Defamation {¶ 15} "Defamation is the unprivileged publication of a false and defamatory matter about another." McCartney v. Oblates of St. FrancisdeSales (1992), 80 Ohio App. 3d 345, 353, 609 N.E.2d 216. A defamatory statement is one which tends to cause injury to a person's reputation or exposes him to public hatred, contempt, ridicule, shame, or disgrace or affects him in his trade or business. Id., citing Matalka v.Lagemann (1985), 21 Ohio App. 3d 134, 136, 486 N.E.2d 1220.

{¶ 16} A defamatory statement expressed in writing, a picture, sign, or electronic broadcast is considered libel. Garner, Black's Law Dictionary (7th Ed. 1999) 927. "Libel" is generally defined as a "`false written publication made with some degree of fault, reflecting injuriously on a person's reputation, or exposing a person to public hatred, contempt, ridicule, shame[,] or disgrace or affecting a *Page 8 person adversely in his trade, business, or profession.'" Stokes v.Meimaris (1996), 111 Ohio App. 3d 176, 184, 675 N.E.2d 1289, quotingA B-Abell Elevator Co. v. Columbus/Cent. Bldg. Constr.,73 Ohio St. 3d 1, 7, 1995-Ohio-66, 651 N.E.2d 1283.

{¶ 17} To establish defamation, the plaintiffs must demonstrate: "(1) that a false statement of fact was made, (2) that the statement was defamatory, (3) that the statement was published, (4) that the plaintiff suffered injury as a result of the publication, and (5) that the defendant acted with the required degree of fault in publishing the statement." Bisbee v. Cuyahoga Cty. Bd. of Elections (Mar. 1, 2001), Cuyahoga App. No. 77629, quoting Pollock v. Rashid (1996),117 Ohio App. 3d 361, 368, 690 N.E.2d 903.

{¶ 18} Under the fifth element of defamation, the defendant's required degree of fault depends upon the status of the plaintiff. Celebrezze v.Dayton Newspapers, Inc. (1988), 41 Ohio App. 3d 343, 535 N.E.2d 755. When the plaintiff is a private figure, the required degree of fault is ordinary negligence. Lansdowne v. Beacon Journal Publishing Co. (1987),32 Ohio St. 3d 176, 512 N.E.2d 979.2 On the other hand, if the plaintiff is a public figure, then the *Page 9 plaintiff must show that the defendant acted with actual malice.3Lansky v. Rizzo, Cuyahoga App. No. 88356, 2007-Ohio-2500.

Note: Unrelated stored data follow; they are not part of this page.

section \<open>The upper bound\<close>

lemma Lcm_fib_Suc: "Lcm_fib (Suc n) = lcm (fib (Suc n)) (Lcm_fib n)"
proof -
  have "{1..Suc n} = insert (Suc n) {1..n}" by auto
  then show ?thesis by simp
qed

lemma Lcm_fib_Suc_mult_gcd:
  "Lcm_fib (Suc n) * gcd (fib (Suc n)) (Lcm_fib n) = fib (Suc n) * Lcm_fib n"
  unfolding Lcm_fib_Suc by (simp only: lcm_mult_gcd normalize_nat_def id_apply)

lemma lcm_fib_ge:
  assumes "1 \<le> a" "1 \<le> b"
  shows "golden_ratio powr (real a + real b - real (gcd a b) - 3) \<le> real (lcm (fib a) (fib b))"
proof -
  have "gcd a b \<ge> 1" using assms by (simp add: Suc_le_eq)
  have eq: "real (fib a) * real (fib b) = real (lcm (fib a) (fib b)) * real (fib (gcd a b))"
    by (simp only: fib_gcd lcm_mult_gcd normalize_nat_def id_apply of_nat_mult[symmetric])
  have "golden_ratio powr (real a + real b - 4)
      = golden_ratio powr (real a - 2) * golden_ratio powr (real b - 2)"
    using powr_add[of golden_ratio "real a - 2" "real b - 2"] by simp
  also have "\<dots> \<le> real (fib a) * real (fib b)"
    using assms by (intro mult_mono golden_ratio_powr_le_fib) auto
  also have "\<dots> \<le> real (lcm (fib a) (fib b)) * golden_ratio powr (real (gcd a b) - 1)"
    unfolding eq using \<open>gcd a b \<ge> 1\<close> by (intro mult_left_mono fib_le_golden_ratio_powr) auto
  finally have "golden_ratio powr (real a + real b - 4) / golden_ratio powr (real (gcd a b) - 1)
      \<le> real (lcm (fib a) (fib b))"
    by (simp add: divide_le_eq)
  moreover have "golden_ratio powr (real a + real b - 4) / golden_ratio powr (real (gcd a b) - 1)
      = golden_ratio powr (real a + real b - real (gcd a b) - 3)"
    by (simp add: powr_diff[symmetric] algebra_simps)
  ultimately show ?thesis by simp
qed

lemma mod_6_cases:
  fixes n :: nat
  obtains "n mod 6 = 0" | "n mod 6 = 1" | "n mod 6 = 2" | "n mod 6 = 3" | "n mod 6 = 4" | "n mod 6 = 5"
proof -
  have "n mod 6 < 6" by simp
  then show ?thesis using that by linarith
qed

definition gcd_exponent :: "nat \<Rightarrow> real" where
  "gcd_exponent n =
    (if n mod 6 = 0 then 2 * real n / 3 - 3
     else if n mod 6 \<in> {2, 4} then real n / 2 - 2
     else if n mod 6 = 3 then real n / 3 - 2
     else 0)"

lemma gcd_fib_Lcm_fib_ge:
  "golden_ratio powr gcd_exponent (Suc n) \<le> real (gcd (fib (Suc n)) (Lcm_fib n))"
proof -
  define G where "G = gcd (fib (Suc n)) (Lcm_fib n)"
  have "G > 0" unfolding G_def using fib_neq_0_nat[of "Suc n"] by simp
  have dvd_G: "g dvd G" if "g dvd fib (Suc n)" "g dvd Lcm_fib n" for g
    unfolding G_def using that by simp
  have divisor: "golden_ratio powr (real k - 2) \<le> real G"
    if "Suc n = c * k" "2 \<le> c" "1 \<le> k" for c k
  proof -
    have "2 * k \<le> c * k" using that(2) by simp
    then have "k \<le> n" using that(1,3) by linarith
    moreover have "k dvd Suc n" unfolding that(1) by simp
    ultimately have "fib k dvd G" using that(3) by (intro dvd_G fib_dvd_fib fib_dvd_Lcm_fib)
    then have "fib k \<le> G" using \<open>G > 0\<close> by (rule dvd_imp_le)
    then show ?thesis using golden_ratio_powr_le_fib[OF \<open>1 \<le> k\<close>] by linarith
  qed
  define t where "t = Suc n div 6"
  have N: "Suc n = 6 * t + Suc n mod 6" unfolding t_def by simp
  then have real_N: "real (Suc n) = 6 * real t + real (Suc n mod 6)"
    by (metis of_nat_add of_nat_mult of_nat_numeral)
  have "golden_ratio powr gcd_exponent (Suc n) \<le> real G"
  proof (cases "Suc n" rule: mod_6_cases)
    case 1
    then have n: "Suc n = 6 * t" "1 \<le> t" using N by simp_all
    have "lcm (fib (3 * t)) (fib (2 * t)) dvd G"
      using n by (intro dvd_G lcm_least fib_dvd_fib fib_dvd_Lcm_fib) auto
    then have "lcm (fib (3 * t)) (fib (2 * t)) \<le> G" using \<open>G > 0\<close> by (rule dvd_imp_le)
    moreover have "gcd (3 * t) (2 * t) = t"
      using gcd_mult_distrib_nat[of t 3 2] by (simp add: mult.commute)
    then have "golden_ratio powr (4 * real t - 3) \<le> real (lcm (fib (3 * t)) (fib (2 * t)))"
      using lcm_fib_ge[of "3 * t" "2 * t"] n by simp
    moreover have "gcd_exponent (Suc n) = 4 * real t - 3"
      using 1 real_N by (simp add: gcd_exponent_def field_simps)
    ultimately show ?thesis by simp
  next
    case 3
    have "gcd_exponent (Suc n) = real (3 * t + 1) - 2"
      using 3 real_N by (simp add: gcd_exponent_def field_simps)
    moreover have "golden_ratio powr (real (3 * t + 1) - 2) \<le> real G"
      by (rule divisor[of 2]) (use 3 N in simp_all)
    ultimately show ?thesis by simp
  next
    case 4
    have "gcd_exponent (Suc n) = real (2 * t + 1) - 2"
      using 4 real_N by (simp add: gcd_exponent_def field_simps)
    moreover have "golden_ratio powr (real (2 * t + 1) - 2) \<le> real G"
      by (rule divisor[of 3]) (use 4 N in simp_all)
    ultimately show ?thesis by simp
  next
    case 5
    have "gcd_exponent (Suc n) = real (3 * t + 2) - 2"
      using 5 real_N by (simp add: gcd_exponent_def field_simps)
    moreover have "golden_ratio powr (real (3 * t + 2) - 2) \<le> real G"
      by (rule divisor[of 2]) (use 5 N in simp_all)
    ultimately show ?thesis by simp
  qed (use \<open>G > 0\<close> golden_ratio_gt_1 in \<open>simp_all add: gcd_exponent_def\<close>)
  then show ?thesis by (simp add: G_def)
qed

definition upper_exponent :: "nat \<Rightarrow> real" where
  "upper_exponent n = (real n)\<^sup>2 / 3 +
    (if n mod 6 \<in> {0, 4} then 2 * real n / 3
     else if n mod 6 \<in> {1, 5} then real n - 4 / 3
     else if n mod 6 = 2 then 5 * real n / 6 - 1
     else 5 * real n / 6 - 1 / 2)"

lemma upper_exponent_step:
  "upper_exponent n + real n - gcd_exponent (Suc n) \<le> upper_exponent (Suc n)"
  by (cases n rule: mod_6_cases)
    (simp_all add: upper_exponent_def gcd_exponent_def mod_Suc power2_eq_square field_simps)

lemma upper_exponent_le: "upper_exponent n \<le> (real n)\<^sup>2 / 3 + 4 * real n / 3"
  by (cases n rule: mod_6_cases) (simp_all add: upper_exponent_def)

lemma Lcm_fib_upper: "real (Lcm_fib n) \<le> golden_ratio powr upper_exponent n"
proof (induction n)
  case 0
  show ?case using golden_ratio_gt_1 by (simp add: upper_exponent_def)
next
  case (Suc n)
  define G where "G = gcd (fib (Suc n)) (Lcm_fib n)"
  have "0 < G" unfolding G_def using fib_neq_0_nat[of "Suc n"] by simp
  have "real (Lcm_fib (Suc n)) = real (fib (Suc n)) * real (Lcm_fib n) / real G"
    using Lcm_fib_Suc_mult_gcd[of n] \<open>0 < G\<close> unfolding G_def
    by (simp add: eq_divide_eq flip: of_nat_mult)
  also have "\<dots> \<le> golden_ratio powr real n * golden_ratio powr upper_exponent n
      / golden_ratio powr gcd_exponent (Suc n)"
    using fib_le_golden_ratio_powr[of "Suc n"] Suc.IH gcd_fib_Lcm_fib_ge[of n] \<open>0 < G\<close>
    unfolding G_def by (intro frac_le mult_mono) auto
  also have "\<dots> = golden_ratio powr (upper_exponent n + real n - gcd_exponent (Suc n))"
    using golden_ratio_gt_1 by (simp add: powr_add powr_diff mult.commute)
  also have "\<dots> \<le> golden_ratio powr upper_exponent (Suc n)"
    using upper_exponent_step golden_ratio_gt_1 by (intro powr_mono) auto
  finally show ?case .
qed

theorem mainTheorem7:
  fixes n :: nat
  assumes "n \<ge> 1"
  shows "golden_ratio powr ((real n)\<^sup>2 / 4 - 9 / 4) \<le> real (Lcm (fib ` {1..n}))
       \<and> real (Lcm (fib ` {1..n})) \<le> golden_ratio powr ((real n)\<^sup>2 / 3 + 4 * real n / 3)"
proof
  \<comment> \<open>Both bounds hold for \<open>n = 0\<close> as well.\<close>
  have "golden_ratio powr ((real n)\<^sup>2 / 4 - 9 / 4) \<le> golden_ratio powr ((real n)\<^sup>2 / 4 - 5 / 4)"
    using golden_ratio_gt_1 by (intro powr_mono) auto
  also have "\<dots> \<le> real (Lcm_fib n)" by (rule Lcm_fib_lower)
  finally show "golden_ratio powr ((real n)\<^sup>2 / 4 - 9 / 4) \<le> real (Lcm_fib n)" .
next
  have "real (Lcm_fib n) \<le> golden_ratio powr upper_exponent n" by (rule Lcm_fib_upper)
  also have "\<dots> \<le> golden_ratio powr ((real n)\<^sup>2 / 3 + 4 * real n / 3)"
    using upper_exponent_le golden_ratio_gt_1 by (intro powr_mono) auto
  finally show "real (Lcm_fib n) \<le> golden_ratio powr ((real n)\<^sup>2 / 3 + 4 * real n / 3)" .
qed

end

Limited Purpose Public Figure {¶ 19} In addition, courts have created a "limited purpose public figure," which is a plaintiff who becomes a public figure for a specific range of issues from which the person gains general notoriety in the community. Gertz v. Robert Welch, Inc. (1974), 418 U.S. 323,94 S. Ct. 2997, 41 L. Ed. 2d 789. In order to determine whether someone is a limited purpose public figure, the court must examine: "(1) the individual's participation in the controversy from which the alleged defamation arose, and (2) whether that individual has attained a general notoriety in the community as a result of that participation." Kassouf v.Cleveland Magazine City Magazines (2001), 142 Ohio App. 3d 413, *Page 10

755 N.E.2d 976, citing Talley v. WHIO TV-7 (1998), 131 Ohio App.3d 164,722 N.E.2d 103. Any person may become a limited purpose public figure as to public issues or controversies into which he or she injects him or herself. E. Canton Edn. Assn. v. Mclntosh (1999), 85 Ohio St. 3d 465,482,709 N.E.2d 468. In order for the statement to be defamatory, a limited purpose public figure must prove that the libelous statement was made with actual malice. Kassouf.

{¶ 20} The plaintiffs argue that they are not a public figure or a limited purpose public figure. The Plain Dealer, on the other hand, argues that the plaintiffs are a limited purpose public figure because White actively engaged in business with government entities that are subject to public scrutiny. We agree.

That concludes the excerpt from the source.